Task description
Only the lines below, from the one with "m2) = monom_eval" through the one with "Poly_Mapping.single i (Poly_Mapping.lookup", are to be written out, exactly.

Records
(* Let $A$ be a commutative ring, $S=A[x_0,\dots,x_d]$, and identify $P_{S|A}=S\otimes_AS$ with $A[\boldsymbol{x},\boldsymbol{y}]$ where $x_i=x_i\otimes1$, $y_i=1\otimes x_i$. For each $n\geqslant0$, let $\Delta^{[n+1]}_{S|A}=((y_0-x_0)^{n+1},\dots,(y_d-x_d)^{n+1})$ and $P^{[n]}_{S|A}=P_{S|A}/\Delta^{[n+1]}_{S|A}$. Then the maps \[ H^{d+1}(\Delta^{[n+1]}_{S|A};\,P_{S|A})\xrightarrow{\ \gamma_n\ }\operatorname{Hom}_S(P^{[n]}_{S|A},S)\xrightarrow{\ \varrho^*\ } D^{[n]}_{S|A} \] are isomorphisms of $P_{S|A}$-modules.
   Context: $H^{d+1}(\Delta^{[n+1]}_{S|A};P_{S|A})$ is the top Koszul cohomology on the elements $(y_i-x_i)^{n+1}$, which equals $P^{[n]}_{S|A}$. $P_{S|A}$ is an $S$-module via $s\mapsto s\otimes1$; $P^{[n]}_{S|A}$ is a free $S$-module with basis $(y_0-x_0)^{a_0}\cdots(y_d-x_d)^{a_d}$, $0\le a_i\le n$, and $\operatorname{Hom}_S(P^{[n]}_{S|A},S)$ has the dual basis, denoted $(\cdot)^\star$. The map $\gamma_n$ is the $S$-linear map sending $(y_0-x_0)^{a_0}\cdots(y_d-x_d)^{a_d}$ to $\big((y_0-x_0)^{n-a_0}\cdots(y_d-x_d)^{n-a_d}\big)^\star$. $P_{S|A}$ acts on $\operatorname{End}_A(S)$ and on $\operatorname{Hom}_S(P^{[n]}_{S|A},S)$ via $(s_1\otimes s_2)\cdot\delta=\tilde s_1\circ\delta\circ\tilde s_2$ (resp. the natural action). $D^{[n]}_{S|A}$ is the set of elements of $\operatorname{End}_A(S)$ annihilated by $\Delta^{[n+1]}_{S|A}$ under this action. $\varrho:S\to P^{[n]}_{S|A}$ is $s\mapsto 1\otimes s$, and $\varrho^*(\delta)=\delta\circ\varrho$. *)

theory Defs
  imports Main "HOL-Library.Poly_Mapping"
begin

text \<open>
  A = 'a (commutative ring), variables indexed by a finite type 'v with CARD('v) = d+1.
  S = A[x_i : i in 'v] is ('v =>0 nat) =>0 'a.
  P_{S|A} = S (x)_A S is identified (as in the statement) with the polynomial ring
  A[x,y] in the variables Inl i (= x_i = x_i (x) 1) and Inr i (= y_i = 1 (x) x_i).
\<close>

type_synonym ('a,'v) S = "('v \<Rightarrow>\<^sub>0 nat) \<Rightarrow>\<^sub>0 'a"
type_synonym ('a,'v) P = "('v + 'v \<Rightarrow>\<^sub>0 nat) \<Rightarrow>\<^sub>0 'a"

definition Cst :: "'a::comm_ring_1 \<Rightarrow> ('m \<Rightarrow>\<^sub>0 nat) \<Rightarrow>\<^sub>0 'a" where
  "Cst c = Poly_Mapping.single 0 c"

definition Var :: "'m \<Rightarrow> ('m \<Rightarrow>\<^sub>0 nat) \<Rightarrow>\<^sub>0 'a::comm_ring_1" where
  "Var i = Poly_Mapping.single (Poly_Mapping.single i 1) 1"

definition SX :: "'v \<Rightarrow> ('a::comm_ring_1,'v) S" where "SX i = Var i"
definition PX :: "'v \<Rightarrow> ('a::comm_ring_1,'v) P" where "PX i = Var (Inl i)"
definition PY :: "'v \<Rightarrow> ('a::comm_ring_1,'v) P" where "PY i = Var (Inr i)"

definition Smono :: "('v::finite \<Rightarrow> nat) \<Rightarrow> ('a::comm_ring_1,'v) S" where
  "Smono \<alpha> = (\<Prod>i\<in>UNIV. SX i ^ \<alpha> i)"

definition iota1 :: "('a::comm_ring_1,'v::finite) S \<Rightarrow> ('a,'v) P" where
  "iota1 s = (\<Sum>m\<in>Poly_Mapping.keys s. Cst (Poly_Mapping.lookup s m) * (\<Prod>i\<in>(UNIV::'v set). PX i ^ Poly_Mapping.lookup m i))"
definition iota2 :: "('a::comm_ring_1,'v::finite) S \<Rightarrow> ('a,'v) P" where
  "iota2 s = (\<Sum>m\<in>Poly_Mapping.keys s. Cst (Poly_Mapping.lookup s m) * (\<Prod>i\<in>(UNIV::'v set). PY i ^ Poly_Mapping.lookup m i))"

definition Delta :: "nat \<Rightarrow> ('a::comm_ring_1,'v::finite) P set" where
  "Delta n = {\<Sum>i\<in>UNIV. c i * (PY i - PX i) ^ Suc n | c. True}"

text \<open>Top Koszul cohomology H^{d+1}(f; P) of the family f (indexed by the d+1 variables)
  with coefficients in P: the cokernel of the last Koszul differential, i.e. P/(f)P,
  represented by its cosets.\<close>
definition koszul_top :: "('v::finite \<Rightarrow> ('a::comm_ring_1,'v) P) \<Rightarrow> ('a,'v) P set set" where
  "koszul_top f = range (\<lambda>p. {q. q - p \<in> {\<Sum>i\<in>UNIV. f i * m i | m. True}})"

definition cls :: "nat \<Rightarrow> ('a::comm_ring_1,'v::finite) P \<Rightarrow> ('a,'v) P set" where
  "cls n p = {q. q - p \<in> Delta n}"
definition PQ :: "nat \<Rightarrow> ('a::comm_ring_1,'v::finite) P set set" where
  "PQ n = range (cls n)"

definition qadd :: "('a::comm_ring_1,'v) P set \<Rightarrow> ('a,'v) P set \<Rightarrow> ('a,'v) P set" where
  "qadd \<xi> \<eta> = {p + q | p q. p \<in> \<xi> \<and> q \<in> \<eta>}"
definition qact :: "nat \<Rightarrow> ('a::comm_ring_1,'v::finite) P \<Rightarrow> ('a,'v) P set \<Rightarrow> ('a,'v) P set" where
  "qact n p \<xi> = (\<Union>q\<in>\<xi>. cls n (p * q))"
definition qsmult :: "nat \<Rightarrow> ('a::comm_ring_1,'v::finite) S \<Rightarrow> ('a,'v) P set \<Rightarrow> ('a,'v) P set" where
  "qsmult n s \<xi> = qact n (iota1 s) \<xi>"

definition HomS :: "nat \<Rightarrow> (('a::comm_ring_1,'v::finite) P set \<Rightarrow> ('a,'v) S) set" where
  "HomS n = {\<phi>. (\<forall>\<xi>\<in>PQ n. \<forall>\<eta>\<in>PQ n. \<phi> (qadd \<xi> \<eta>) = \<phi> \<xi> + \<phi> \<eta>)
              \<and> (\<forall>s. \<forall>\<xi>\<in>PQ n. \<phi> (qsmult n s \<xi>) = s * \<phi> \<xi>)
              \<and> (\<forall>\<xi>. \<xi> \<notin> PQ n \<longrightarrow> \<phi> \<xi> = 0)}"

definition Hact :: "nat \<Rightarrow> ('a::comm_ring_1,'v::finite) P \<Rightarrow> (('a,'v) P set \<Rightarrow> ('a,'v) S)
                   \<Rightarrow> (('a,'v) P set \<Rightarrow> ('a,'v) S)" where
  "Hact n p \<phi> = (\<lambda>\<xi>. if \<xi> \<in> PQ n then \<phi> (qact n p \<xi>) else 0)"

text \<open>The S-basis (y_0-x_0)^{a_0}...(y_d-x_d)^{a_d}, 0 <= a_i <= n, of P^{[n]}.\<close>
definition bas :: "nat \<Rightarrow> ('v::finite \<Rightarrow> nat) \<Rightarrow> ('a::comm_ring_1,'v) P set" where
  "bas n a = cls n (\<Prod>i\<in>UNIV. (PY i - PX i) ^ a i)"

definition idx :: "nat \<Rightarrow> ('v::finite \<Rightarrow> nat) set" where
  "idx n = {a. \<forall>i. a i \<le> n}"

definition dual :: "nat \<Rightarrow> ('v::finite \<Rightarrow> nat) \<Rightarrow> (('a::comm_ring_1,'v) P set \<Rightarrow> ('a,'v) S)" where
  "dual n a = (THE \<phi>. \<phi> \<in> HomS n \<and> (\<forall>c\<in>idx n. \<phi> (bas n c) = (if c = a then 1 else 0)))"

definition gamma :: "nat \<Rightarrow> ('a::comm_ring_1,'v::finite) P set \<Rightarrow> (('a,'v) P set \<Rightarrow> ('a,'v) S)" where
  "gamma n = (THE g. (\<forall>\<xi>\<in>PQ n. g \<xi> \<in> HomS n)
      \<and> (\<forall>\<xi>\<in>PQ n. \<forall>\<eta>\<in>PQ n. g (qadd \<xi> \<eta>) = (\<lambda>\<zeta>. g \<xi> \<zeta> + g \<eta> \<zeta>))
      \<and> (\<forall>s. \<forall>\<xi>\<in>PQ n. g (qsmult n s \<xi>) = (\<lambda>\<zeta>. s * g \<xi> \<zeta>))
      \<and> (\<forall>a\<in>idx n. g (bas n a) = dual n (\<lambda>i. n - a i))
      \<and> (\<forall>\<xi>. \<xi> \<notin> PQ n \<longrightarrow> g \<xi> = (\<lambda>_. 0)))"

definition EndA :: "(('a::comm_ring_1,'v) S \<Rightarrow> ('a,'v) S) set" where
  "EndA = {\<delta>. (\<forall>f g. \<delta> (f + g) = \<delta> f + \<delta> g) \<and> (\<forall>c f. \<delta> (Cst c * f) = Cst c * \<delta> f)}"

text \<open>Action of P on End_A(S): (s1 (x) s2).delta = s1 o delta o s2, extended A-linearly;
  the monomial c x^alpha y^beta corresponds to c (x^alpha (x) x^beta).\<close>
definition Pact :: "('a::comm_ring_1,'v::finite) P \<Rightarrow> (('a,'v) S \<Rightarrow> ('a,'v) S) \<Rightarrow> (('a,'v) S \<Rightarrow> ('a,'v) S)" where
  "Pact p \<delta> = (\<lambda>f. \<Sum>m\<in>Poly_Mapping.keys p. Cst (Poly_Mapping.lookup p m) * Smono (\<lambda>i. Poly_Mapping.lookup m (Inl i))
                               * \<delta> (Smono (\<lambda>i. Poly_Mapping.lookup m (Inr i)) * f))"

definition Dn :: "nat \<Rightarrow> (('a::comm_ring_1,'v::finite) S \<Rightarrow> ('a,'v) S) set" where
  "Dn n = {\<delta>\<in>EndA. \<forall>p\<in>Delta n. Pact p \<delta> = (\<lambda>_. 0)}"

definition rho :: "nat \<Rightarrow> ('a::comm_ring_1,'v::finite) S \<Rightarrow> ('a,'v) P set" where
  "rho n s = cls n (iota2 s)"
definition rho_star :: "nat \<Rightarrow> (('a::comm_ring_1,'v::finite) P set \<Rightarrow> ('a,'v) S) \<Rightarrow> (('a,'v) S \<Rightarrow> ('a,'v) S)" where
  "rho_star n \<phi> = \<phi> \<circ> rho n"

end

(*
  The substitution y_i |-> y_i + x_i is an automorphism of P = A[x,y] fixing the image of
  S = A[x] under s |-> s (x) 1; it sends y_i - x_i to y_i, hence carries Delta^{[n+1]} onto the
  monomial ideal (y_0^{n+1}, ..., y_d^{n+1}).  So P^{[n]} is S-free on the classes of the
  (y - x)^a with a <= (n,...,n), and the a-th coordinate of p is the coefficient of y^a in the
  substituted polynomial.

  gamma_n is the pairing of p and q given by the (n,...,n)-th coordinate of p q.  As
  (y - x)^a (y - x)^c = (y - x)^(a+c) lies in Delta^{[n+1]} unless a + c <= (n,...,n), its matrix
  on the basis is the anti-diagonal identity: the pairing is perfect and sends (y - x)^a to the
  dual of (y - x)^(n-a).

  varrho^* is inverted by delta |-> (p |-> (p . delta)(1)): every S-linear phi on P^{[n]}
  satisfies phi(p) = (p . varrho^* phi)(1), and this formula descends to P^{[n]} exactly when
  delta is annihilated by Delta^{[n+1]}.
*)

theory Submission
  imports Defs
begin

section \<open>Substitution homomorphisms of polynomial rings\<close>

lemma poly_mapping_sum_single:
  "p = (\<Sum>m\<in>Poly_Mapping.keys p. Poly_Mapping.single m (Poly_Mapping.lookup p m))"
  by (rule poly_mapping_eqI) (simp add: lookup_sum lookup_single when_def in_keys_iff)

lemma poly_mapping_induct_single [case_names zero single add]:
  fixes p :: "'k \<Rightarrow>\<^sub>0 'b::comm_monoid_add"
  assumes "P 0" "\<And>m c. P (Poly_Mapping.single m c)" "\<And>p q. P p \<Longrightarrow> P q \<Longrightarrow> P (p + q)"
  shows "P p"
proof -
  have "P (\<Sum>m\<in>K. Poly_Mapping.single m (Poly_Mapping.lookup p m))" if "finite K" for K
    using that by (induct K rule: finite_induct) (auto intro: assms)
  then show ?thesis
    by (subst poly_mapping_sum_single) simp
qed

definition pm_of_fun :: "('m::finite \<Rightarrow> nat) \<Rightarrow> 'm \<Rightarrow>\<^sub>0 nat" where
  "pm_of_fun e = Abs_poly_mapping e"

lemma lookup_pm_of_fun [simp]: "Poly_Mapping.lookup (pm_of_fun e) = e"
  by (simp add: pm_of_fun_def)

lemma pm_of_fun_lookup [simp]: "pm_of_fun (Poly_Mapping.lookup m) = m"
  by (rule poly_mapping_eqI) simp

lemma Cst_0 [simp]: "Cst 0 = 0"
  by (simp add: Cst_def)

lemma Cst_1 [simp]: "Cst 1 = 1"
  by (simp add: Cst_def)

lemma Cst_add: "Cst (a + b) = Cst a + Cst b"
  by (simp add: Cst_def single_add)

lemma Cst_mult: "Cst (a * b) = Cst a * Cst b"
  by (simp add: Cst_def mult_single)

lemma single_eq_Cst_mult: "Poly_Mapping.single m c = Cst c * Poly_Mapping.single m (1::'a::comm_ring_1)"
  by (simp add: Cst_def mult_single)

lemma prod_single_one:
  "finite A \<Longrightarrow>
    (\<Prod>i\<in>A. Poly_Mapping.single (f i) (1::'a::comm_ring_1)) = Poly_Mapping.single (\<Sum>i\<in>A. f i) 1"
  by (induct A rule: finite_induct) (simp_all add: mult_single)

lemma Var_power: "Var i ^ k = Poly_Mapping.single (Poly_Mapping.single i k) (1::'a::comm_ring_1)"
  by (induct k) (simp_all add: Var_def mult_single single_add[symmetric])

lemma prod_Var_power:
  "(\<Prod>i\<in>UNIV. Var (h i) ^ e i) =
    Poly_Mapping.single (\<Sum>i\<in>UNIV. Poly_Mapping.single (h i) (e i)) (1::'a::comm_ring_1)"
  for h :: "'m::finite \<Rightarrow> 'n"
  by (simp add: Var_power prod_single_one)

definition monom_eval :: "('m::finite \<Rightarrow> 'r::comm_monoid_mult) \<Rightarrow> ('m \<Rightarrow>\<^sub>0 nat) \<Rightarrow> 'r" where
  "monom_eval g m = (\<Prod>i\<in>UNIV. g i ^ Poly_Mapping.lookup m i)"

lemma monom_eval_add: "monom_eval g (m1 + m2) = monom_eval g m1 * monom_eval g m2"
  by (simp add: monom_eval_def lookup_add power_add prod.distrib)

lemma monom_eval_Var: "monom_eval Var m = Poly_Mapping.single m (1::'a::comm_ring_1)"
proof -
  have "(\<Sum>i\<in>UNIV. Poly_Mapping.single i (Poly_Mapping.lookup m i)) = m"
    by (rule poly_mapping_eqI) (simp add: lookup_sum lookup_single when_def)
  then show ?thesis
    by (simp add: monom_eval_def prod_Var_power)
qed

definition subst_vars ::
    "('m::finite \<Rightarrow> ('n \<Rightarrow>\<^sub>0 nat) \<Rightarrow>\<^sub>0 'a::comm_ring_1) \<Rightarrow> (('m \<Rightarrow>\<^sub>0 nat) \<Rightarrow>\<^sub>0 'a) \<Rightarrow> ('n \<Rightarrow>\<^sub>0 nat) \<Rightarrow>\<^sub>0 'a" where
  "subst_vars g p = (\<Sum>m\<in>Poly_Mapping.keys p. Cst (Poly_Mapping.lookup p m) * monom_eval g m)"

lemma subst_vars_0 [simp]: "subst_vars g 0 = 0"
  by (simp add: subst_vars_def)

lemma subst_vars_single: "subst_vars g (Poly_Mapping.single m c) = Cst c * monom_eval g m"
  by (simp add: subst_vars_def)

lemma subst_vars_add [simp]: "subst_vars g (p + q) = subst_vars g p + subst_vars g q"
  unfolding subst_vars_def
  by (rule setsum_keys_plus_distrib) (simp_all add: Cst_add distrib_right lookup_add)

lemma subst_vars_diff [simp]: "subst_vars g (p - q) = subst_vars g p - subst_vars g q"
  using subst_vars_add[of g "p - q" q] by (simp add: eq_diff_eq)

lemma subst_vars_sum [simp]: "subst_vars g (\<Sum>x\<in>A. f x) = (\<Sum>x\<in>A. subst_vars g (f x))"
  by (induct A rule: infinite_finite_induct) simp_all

Output for this task
lemma monom_eval_add: "monom_eval g (m1 + m2) = monom_eval g m1 * monom_eval g m2"
  by (simp add: monom_eval_def lookup_add power_add prod.distrib)

lemma monom_eval_Var: "monom_eval Var m = Poly_Mapping.single m (1::'a::comm_ring_1)"
proof -
  have "(\<Sum>i\<in>UNIV. Poly_Mapping.single i (Poly_Mapping.lookup m i)) = m"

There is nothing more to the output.